Objectives: To explore the efficacy of a tumour necrosis factor α (TNFα) inhibitor (etanercept, Enbrel) in patients with severe sciatica.

Methods: A pilot study of etanercept was conducted in patients admitted to hospital for acute severe sciatica. Ten consecutive patients received three subcutaneous injections of etanercept (25 mg every 3 days) in addition to standard analgesia. Response was evaluated at day 10 (T1) and week 6 (T2) using a visual analogue scale for leg pain (VASL) and for low back pain (VASB), and two validated functional scores: the Oswestry disability index (ODI) and the Roland Morris disability questionnaire (RMDQ). The control group consisted of 10 patients with severe sciatica, who took part in an observational study on IV methylprednisolone.

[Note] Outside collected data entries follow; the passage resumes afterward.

text \<open>\<open>(b + s)^m \<le> m! e^(b+s)\<close> and \<open>s \<le> c s^2 + 1/(4c)\<close>.\<close>

lemma power_le_exp_square:
  fixes b s c :: real
  assumes "c > 0" "b + s \<ge> 0"
  shows "(b + s) ^ m \<le> fact m * exp (b + 1 / (4 * c)) * exp (c * s\<^sup>2)"
proof -
  have "0 \<le> c * (s - 1 / (2 * c))\<^sup>2" using assms by simp
  also have "\<dots> = c * s\<^sup>2 - s + 1 / (4 * c)"
    using assms by (simp add: power2_eq_square field_simps)
  finally have "exp (b + s) \<le> exp (b + 1 / (4 * c)) * exp (c * s\<^sup>2)"
    by (simp flip: exp_add)
  moreover have "(b + s) ^ m \<le> fact m * exp (b + s)"
    using power_div_fact_le_exp[OF assms(2), of m] by (simp add: field_simps)
  ultimately show ?thesis
    by (simp add: mult.assoc order_trans[OF _ mult_left_mono])
qed

lemma quad_form_ge_norm_square:
  fixes M :: "real^'n::finite^'n"
  assumes pd: "\<And>v. v \<noteq> 0 \<Longrightarrow> quad_form M v > 0"
  obtains l where "l > 0" "\<And>v. quad_form M v \<ge> l * (norm v)\<^sup>2"
proof -
  have "sphere (0::real^'n) 1 \<noteq> {}"
    using vector_choose_size[of 1] by (auto simp: sphere_def dist_norm)
  then obtain u where u: "u \<in> sphere 0 1" and min: "\<And>w. w \<in> sphere 0 1 \<Longrightarrow> quad_form M u \<le> quad_form M w"
    using continuous_attains_inf[OF compact_sphere _ continuous_on_subset[OF continuous_on_quad_form]]
    by blast
  have "quad_form M v \<ge> quad_form M u * (norm v)\<^sup>2" for v
  proof (cases "v = 0")
    case False
    then have "v = norm v *\<^sub>R ((1 / norm v) *\<^sub>R v)" and "(1 / norm v) *\<^sub>R v \<in> sphere 0 1"
      by simp_all
    then show ?thesis
      using min by (metis mult.commute mult_right_mono quad_form_scaleR zero_le_power2)
  qed (simp add: quad_form_def)
  moreover have "u \<noteq> 0" using u by auto
  then have "quad_form M u > 0" by (rule pd)
  ultimately show ?thesis using that by blast
qed
lemma Ai_natural:
  assumes "Arr f" "Arr g" "Arr h"
  shows "((f \<otimes> g) \<otimes> h) \<cdot> Ai (Dom f) (Dom g) (Dom h) = Ai (Cod f) (Cod g) (Cod h) \<cdot> (f \<otimes> (g \<otimes> h))"
proof (rule inverse_pair_cancel_left[OF As_iso])
  show "As (Cod f) (Cod g) (Cod h) \<cdot> ((f \<otimes> g) \<otimes> h) \<cdot> Ai (Dom f) (Dom g) (Dom h)
      = As (Cod f) (Cod g) (Cod h) \<cdot> Ai (Cod f) (Cod g) (Cod h) \<cdot> (f \<otimes> (g \<otimes> h))"
    using comp_eq_precomp[OF As_natural[OF assms], of "Ai (Dom f) (Dom g) (Dom h)"] assms by simp
qed (use assms in simp_all)

lemma Lui_natural:
  assumes "Arr f"
  shows "Lui (Cod f) \<cdot> f = (Idm U \<otimes> f) \<cdot> Lui (Dom f)"
proof (rule inverse_pair_cancel_left[OF Lu_iso])
  show "Lu (Cod f) \<cdot> Lui (Cod f) \<cdot> f = Lu (Cod f) \<cdot> (Idm U \<otimes> f) \<cdot> Lui (Dom f)"
    using comp_eq_precomp[OF Lu_natural[OF assms], of "Lui (Dom f)"] assms by simp
qed (use assms in simp_all)

lemma tensor_unit_right_cancel:
  assumes "Arr f" "Arr g" "Dom f = Dom g" "Cod f = Cod g" "f \<otimes> Idm U = g \<otimes> Idm U"
  shows "f = g"
  using Ru_natural[of f] Ru_natural[of g] assms
  by (intro inverse_pair_cancel_right[OF Ru_iso, of f g "Dom f"]) auto

lemma tensor_unit_left_cancel:
  assumes "Arr f" "Arr g" "Dom f = Dom g" "Cod f = Cod g" "Idm U \<otimes> f = Idm U \<otimes> g"
  shows "f = g"
  using Lu_natural[of f] Lu_natural[of g] assms
  by (intro inverse_pair_cancel_right[OF Lu_iso, of f g "Dom f"]) auto

lemma tensor_eq_whiskers_rl:
  "Arr f \<Longrightarrow> Arr g \<Longrightarrow> Dom f = a \<Longrightarrow> Cod g = b \<Longrightarrow> (f \<otimes> Idm b) \<cdot> (Idm a \<otimes> g) = f \<otimes> g"
  using interchange[of "Idm a" f g "Idm b"] by simp
lemma slope_tendsto_partial_deriv:
  fixes u ux :: "real \<Rightarrow> real \<Rightarrow> real" and p :: "real \<Rightarrow> real"
  assumes ux: "\<And>s y. s \<in> D \<Longrightarrow> ((\<lambda>y. u s y) has_real_derivative ux s y) (at y)"
    and cont: "continuous_on (D \<times> UNIV) (\<lambda>(s, y). ux s y)"
    and p: "continuous (at t within D) p" and t: "t \<in> D"
  shows "((\<lambda>s. if p s = p t then ux t (p t) else (u s (p s) - u s (p t)) / (p s - p t))
           \<longlongrightarrow> ux t (p t)) (at t within D)"
proof (rule tendstoI)
  fix e :: real assume e: "0 < e"
  obtain d where d: "d > 0" and near: "\<And>z. z \<in> D \<times> UNIV \<Longrightarrow> dist z (t, p t) < d \<Longrightarrow>
      dist ((\<lambda>(s, y). ux s y) z) (ux t (p t)) < e / 2"
    using continuous_on_iff[THEN iffD1, OF cont, rule_format, of "(t, p t)" "e / 2"] e t by auto
  have "eventually (\<lambda>s. dist (p s) (p t) < d / 2) (at t within D)"
    using tendstoD[OF p[unfolded continuous_within], of "d / 2"] d by simp
  moreover have "eventually (\<lambda>s. s \<in> D \<and> dist s t < d / 2) (at t within D)"
    unfolding eventually_at using d by (intro exI[of _ "d / 2"]) auto
  ultimately show "eventually (\<lambda>s. dist (if p s = p t then ux t (p t)
      else (u s (p s) - u s (p t)) / (p s - p t)) (ux t (p t)) < e) (at t within D)"
  proof eventually_elim
    case (elim s)
    show ?case
    proof (cases "p s = p t")
      case False
      define A where "A = u s (p s) - u s (p t) - ux t (p t) * (p s - p t)"
      have "\<bar>A\<bar> \<le> e / 2 * \<bar>p s - p t\<bar>"
        unfolding A_def
      proof (rule DERIV_linearization_bound)
        show "((\<lambda>y. u s y) has_real_derivative ux s y) (at y)" for y
          using ux elim by auto
        fix y assume y: "\<bar>y - p t\<bar> \<le> \<bar>p s - p t\<bar>"
        have "dist (s, y) (t, p t) \<le> dist s t + dist y (p t)"
          unfolding dist_Pair_Pair by (rule sqrt_sum_squares_le_sum_abs[THEN order_trans]) auto
        also have "\<dots> < d"
          using elim y by (simp add: dist_real_def)
        finally show "\<bar>ux s y - ux t (p t)\<bar> \<le> e / 2"
          using near[of "(s, y)"] elim by (force simp: dist_real_def)
      qed
      then have bound: "\<bar>A\<bar> / \<bar>p s - p t\<bar> \<le> e / 2"
        using False by (simp add: pos_divide_le_eq)
      have "(u s (p s) - u s (p t)) / (p s - p t) - ux t (p t) = A / (p s - p t)"
        using False by (simp add: A_def field_simps)
      then have "dist ((u s (p s) - u s (p t)) / (p s - p t)) (ux t (p t)) = \<bar>A\<bar> / \<bar>p s - p t\<bar>"
        by (simp add: dist_real_def abs_divide)
      then have "dist ((u s (p s) - u s (p t)) / (p s - p t)) (ux t (p t)) < e"
        using bound e by linarith
      with False show ?thesis by simp
    qed (use e in simp)
  qed
qed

Results: In the etanercept group all variables improved: VASB from 36 to 7; VASL from 74 to 12; RMDQ from 17.8 to 5.8, and ODI from 75.4 to 17.3; all p<0.001. Pain (VASL and VASB: p<0.001) and ODI (p<0.05) were significantly better in the etanercept group than in the methylprednisolone group.

Conclusion: In this open, historical group controlled study, patients with severe sciatica had sustained improvement after a short treatment with etanercept that was better than standard care plus a short course of methylprednisolone. These results suggest that inhibition of TNFα is beneficial in the treatment of sciatica and support a pathological role for TNFα in the pathogenesis of sciatica. These results need to be confirmed by a randomised controlled trial.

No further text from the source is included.